Under the premise, though, that animal labour can constitute enjoyable and beneficial work for animals without exploitation, humans would also need to build new connections with and models of compassion for animals. Conceptualising good work or humane jobs for animals, ultimately presupposes sympathising with animals and their individual needs. If conceptualised with the question of what humans can do for animals in mind and not the other way around, animal labour has the potential of transforming the human-animal relationship for the better.

Human-animal relationships have perpetually been inconsistent as “some animals were more equal than others” (Ritvo 2007, 120), but farm animals need not be forgotten. As Ritvo (2007, 121) reminds us, when Mary Wollstonecraft wrote A Vindication of the Rights of Woman in 1792, she was ridiculed “on the grounds that if rights were granted to women, farmyard animals would be next in line”. This historical anecdote obviously shows male contempt for women. Moreover, it shows the unwillingness to recognise women as persons and, therefore, as individuals. As women have been, and depending on the societal context still frequently are, farm animals are denied any individuality regarding their character and needs. Thus, it is time for farm animals to be next in line. Finding new ways of relating with farm animals and including them, as Coulter suggests, e.g., as care workers on care farms, would radically change the human-animal relationship.

In 2016, Disney released their Oscar winning animated movie Zootopia. In Zootopia, mammals, who overcame the antagonism between predators and pray, are living and working together. Suspiciously missing from the utopian picture are humans. Whether animal labour could eventually lead to good lives for all animals depends, ultimately, on humans’ willingness to imagine a different human-animal relationship and to live as mammals alongside other animals. Cows as care workers do not seem to be realistic yet, imagining the idea, though, would be the first step towards a “zootopian” future with humans living and working together with other animals, having overcome their patriarchal hierarchies.

 

[1] See Millett (2016[1969]), Firestone (1970), and Dworkin (1974). For a non-Western critique see Ueno (1998, 116–118).

[2] See Rubin (1993).

[3] The debates surrounding the so-called “sex wars” of the 1970’s and 1980’s are too complex to summarise in their entirety. Still, in short: Whereas feminist theory, as exemplified by Millett, identified a continuation of male sexual power between the ideologies of conservatism and liberalism, thus advocating for radical change, the sex positivity movement, in its attempt to counter conservatism, saw a politically incorrect sexuality, as defined from a conservative perspective, as individual sexual liberation. Furthermore, feminist critique of male sexual power within liberalism was portrayed as being conservative itself and, thus, anti-sex.

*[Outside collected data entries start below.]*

text \<open>Dhar's criterion: when C fires, a vertex of C loses one chip per edge leaving C and a
  vertex outside C only gains, so parking means that no nonempty set of non-sink vertices can
  fire without some vertex of it going negative.\<close>

lemma parking_iff:
  "parking m n u \<longleftrightarrow> (\<forall>c\<in>V m n - {sink m}. 0 \<le> u c) \<and>
     (\<forall>C. C \<noteq> {} \<longrightarrow> C \<subseteq> V m n - {sink m} \<longrightarrow> (\<exists>x\<in>C. u x < int (card {y \<in> nbrs m n x. y \<notin> C})))"
proof -
  have firing: "(\<exists>x\<in>V m n - {sink m}. u x < DeltaSet m n C x) \<longleftrightarrow>
      (\<exists>x\<in>C. u x < int (card {y \<in> nbrs m n x. y \<notin> C}))"
    if u: "\<forall>c\<in>V m n - {sink m}. 0 \<le> u c" and C: "C \<subseteq> V m n - {sink m}" for C
  proof -
    have CV: "C \<subseteq> V m n" using C by blast
    have outside: "DeltaSet m n C x \<le> u x" if "x \<in> V m n - {sink m}" "x \<notin> C" for x
      using u that DeltaSet_outside_nonpos[OF CV, of x] by force
    have inside: "u x < DeltaSet m n C x \<longleftrightarrow> u x < int (card {y \<in> nbrs m n x. y \<notin> C})"
      if "x \<in> C" for x
      using DeltaSet_inside[OF CV that] by simp
    show ?thesis
    proof
      assume "\<exists>x\<in>V m n - {sink m}. u x < DeltaSet m n C x"
      then obtain x where "x \<in> V m n - {sink m}" "u x < DeltaSet m n C x" ..
      then show "\<exists>x\<in>C. u x < int (card {y \<in> nbrs m n x. y \<notin> C})"
        using inside outside by (metis not_le)
    next
      assume "\<exists>x\<in>C. u x < int (card {y \<in> nbrs m n x. y \<notin> C})"
      then show "\<exists>x\<in>V m n - {sink m}. u x < DeltaSet m n C x"
        using inside C by blast
    qed
  qed
  show ?thesis
    unfolding parking_def by (rule conj_cong[OF refl]) (simp add: firing)
qed

lemma parking_nonneg: "parking m n u \<Longrightarrow> c \<in> V m n - {sink m} \<Longrightarrow> 0 \<le> u c"
  unfolding parking_def by blast

lemma parking_burning_vertex:
  assumes "parking m n u" "C \<noteq> {}" "C \<subseteq> V m n - {sink m}"
  obtains x where "x \<in> C" "u x < int (card {y \<in> nbrs m n x. y \<notin> C})"
proof -
  have "\<exists>x\<in>C. u x < int (card {y \<in> nbrs m n x. y \<notin> C})"
    using assms(1) unfolding parking_iff using assms(2,3) by simp
  then show ?thesis using that by blast
qed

[4] For a thorough analysis of prostitution as exploitation and violence see MacKinnon (2011).

[5] For an account on animals in colonial warfare see Hevia (2018), for a fictional letter from Cher Ami, a pigeon used by the U.S. army in World War I, to his general see Lindahl (2014).

[6] For dogs in the police and military forces see Mouret, Porcher & Mainix (2019), for an account on guide dogs see Mouret (2019), and for dogs in conservation work see D’Souza, Hovorka & Niel (2020).

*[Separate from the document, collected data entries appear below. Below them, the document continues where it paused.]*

(* For any integer $m\ge 1$ and all $z,\xi\in\mathbb{B}_N$, $$\big(|E_\xi+m|^2-\Delta_\xi\big)\cdots\big(|E_\xi+1|^2-\Delta_\xi\big)\big(|E_\xi|^2-\Delta_\xi\big)\Big\{\frac{1}{|1-\langle z,\xi\rangle|^2}\Big\}=|E_z|^2\Big\{\frac{(m!)^2(1-|z|^2)^{m+1}}{|1-\langle z,\xi\rangle|^{2(m+1)}}\Big\},$$ and $$\big(|E_\xi+m|^2-\Delta_\xi\big)\cdots\big(|E_\xi|^2-\Delta_\xi\big)\Big\{\frac{1-|\xi|^2}{|1-\langle z,\xi\rangle|^2}\Big\}=\big(|E_z|^2-\Delta_z\big)\Big\{\frac{(m!)^2(1-|z|^2)^{m+1}}{|1-\langle z,\xi\rangle|^{2(m+1)}}\Big\}.$$
   Context: $\mathbb{B}_N$ is the unit ball of $\mathbb{C}^N$ and $\langle z,\xi\rangle=\sum_j z_j\bar\xi_j$. The operators are $E_z=\sum_{j=1}^N z_j\partial/\partial z_j$, $\bar E_z=\sum_{j=1}^N\bar z_j\partial/\partial\bar z_j$, $\Delta_z=\sum_{j=1}^N\partial^2/\partial z_j\partial\bar z_j$, and for a real number $s$, $|E_z+s|^2=(E_z+s)(\bar E_z+s)$; subscripts $\xi$ denote the same operators acting in the variable $\xi$. Products of operators denote composition. *)

theory Defs
  imports "HOL-Analysis.Analysis"
begin

text \<open>Points of C^N are vectors complex^'n (N = CARD('n)). Functions are complex valued.
 Real directional derivative via the Frechet derivative (C^N viewed as a real vector space).\<close>

definition dirD :: "(complex^'n \<Rightarrow> complex) \<Rightarrow> complex^'n \<Rightarrow> complex^'n \<Rightarrow> complex" where
  "dirD f v z = frechet_derivative f (at z) v"

definition dz :: "'n \<Rightarrow> (complex^'n \<Rightarrow> complex) \<Rightarrow> complex^'n \<Rightarrow> complex" where
  "dz j f = (\<lambda>z. (dirD f (axis j 1) z - \<i> * dirD f (axis j \<i>) z) / 2)"

definition dzb :: "'n \<Rightarrow> (complex^'n \<Rightarrow> complex) \<Rightarrow> complex^'n \<Rightarrow> complex" where
  "dzb j f = (\<lambda>z. (dirD f (axis j 1) z + \<i> * dirD f (axis j \<i>) z) / 2)"

definition cinner :: "complex^'n \<Rightarrow> complex^'n \<Rightarrow> complex" where
  "cinner z w = (\<Sum>j\<in>UNIV. z $ j * cnj (w $ j))"

definition Eop :: "(complex^'n::finite \<Rightarrow> complex) \<Rightarrow> complex^'n \<Rightarrow> complex" where
  "Eop f = (\<lambda>z. \<Sum>j\<in>UNIV. z $ j * dz j f z)"

definition Ebop :: "(complex^'n::finite \<Rightarrow> complex) \<Rightarrow> complex^'n \<Rightarrow> complex" where
  "Ebop f = (\<lambda>z. \<Sum>j\<in>UNIV. cnj (z $ j) * dzb j f z)"

definition Lapop :: "(complex^'n::finite \<Rightarrow> complex) \<Rightarrow> complex^'n \<Rightarrow> complex" where
  "Lapop f = (\<lambda>z. \<Sum>j\<in>UNIV. dz j (dzb j f) z)"

text \<open>|E+s|^2 = (E+s)(Ebar+s)\<close>
definition absE2 :: "real \<Rightarrow> (complex^'n::finite \<Rightarrow> complex) \<Rightarrow> complex^'n \<Rightarrow> complex" where
  "absE2 s f = (let g = (\<lambda>z. Ebop f z + of_real s * f z) in (\<lambda>z. Eop g z + of_real s * g z))"

definition Lop :: "real \<Rightarrow> (complex^'n::finite \<Rightarrow> complex) \<Rightarrow> complex^'n \<Rightarrow> complex" where
  "Lop s f = (\<lambda>z. absE2 s f z - Lapop f z)"

text \<open>(|E+m|^2-Delta) ... (|E+1|^2-Delta)(|E|^2-Delta), composition, L_0 applied first.\<close>
primrec Lprod :: "nat \<Rightarrow> (complex^'n::finite \<Rightarrow> complex) \<Rightarrow> complex^'n \<Rightarrow> complex" where
  "Lprod 0 f = Lop 0 f"
| "Lprod (Suc k) f = Lop (real (Suc k)) (Lprod k f)"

[7] For an account on the work with horses and the different kinds of relationships humans form with horses on small horse farms see Andersson Cederholm (2014). For an examination of horses’ commitment to work see Porcher & Nicod (2019), and for horses working as draft horses in viticulture see Mulier & Müller (2019).

[8] In addition, Estebanez, Porcher & Douine (2019) discuss animals as actors.

[9] Wadiwel (2020, 197), additionally, suggests from a Marxist perspective that not only unnecessary suffering needs to be reduced but also unnecessary labour, since animals have the right not only to a life free of suffering, but also “to enjoy time during their lives that is not dominated by the processes we thrust them into”.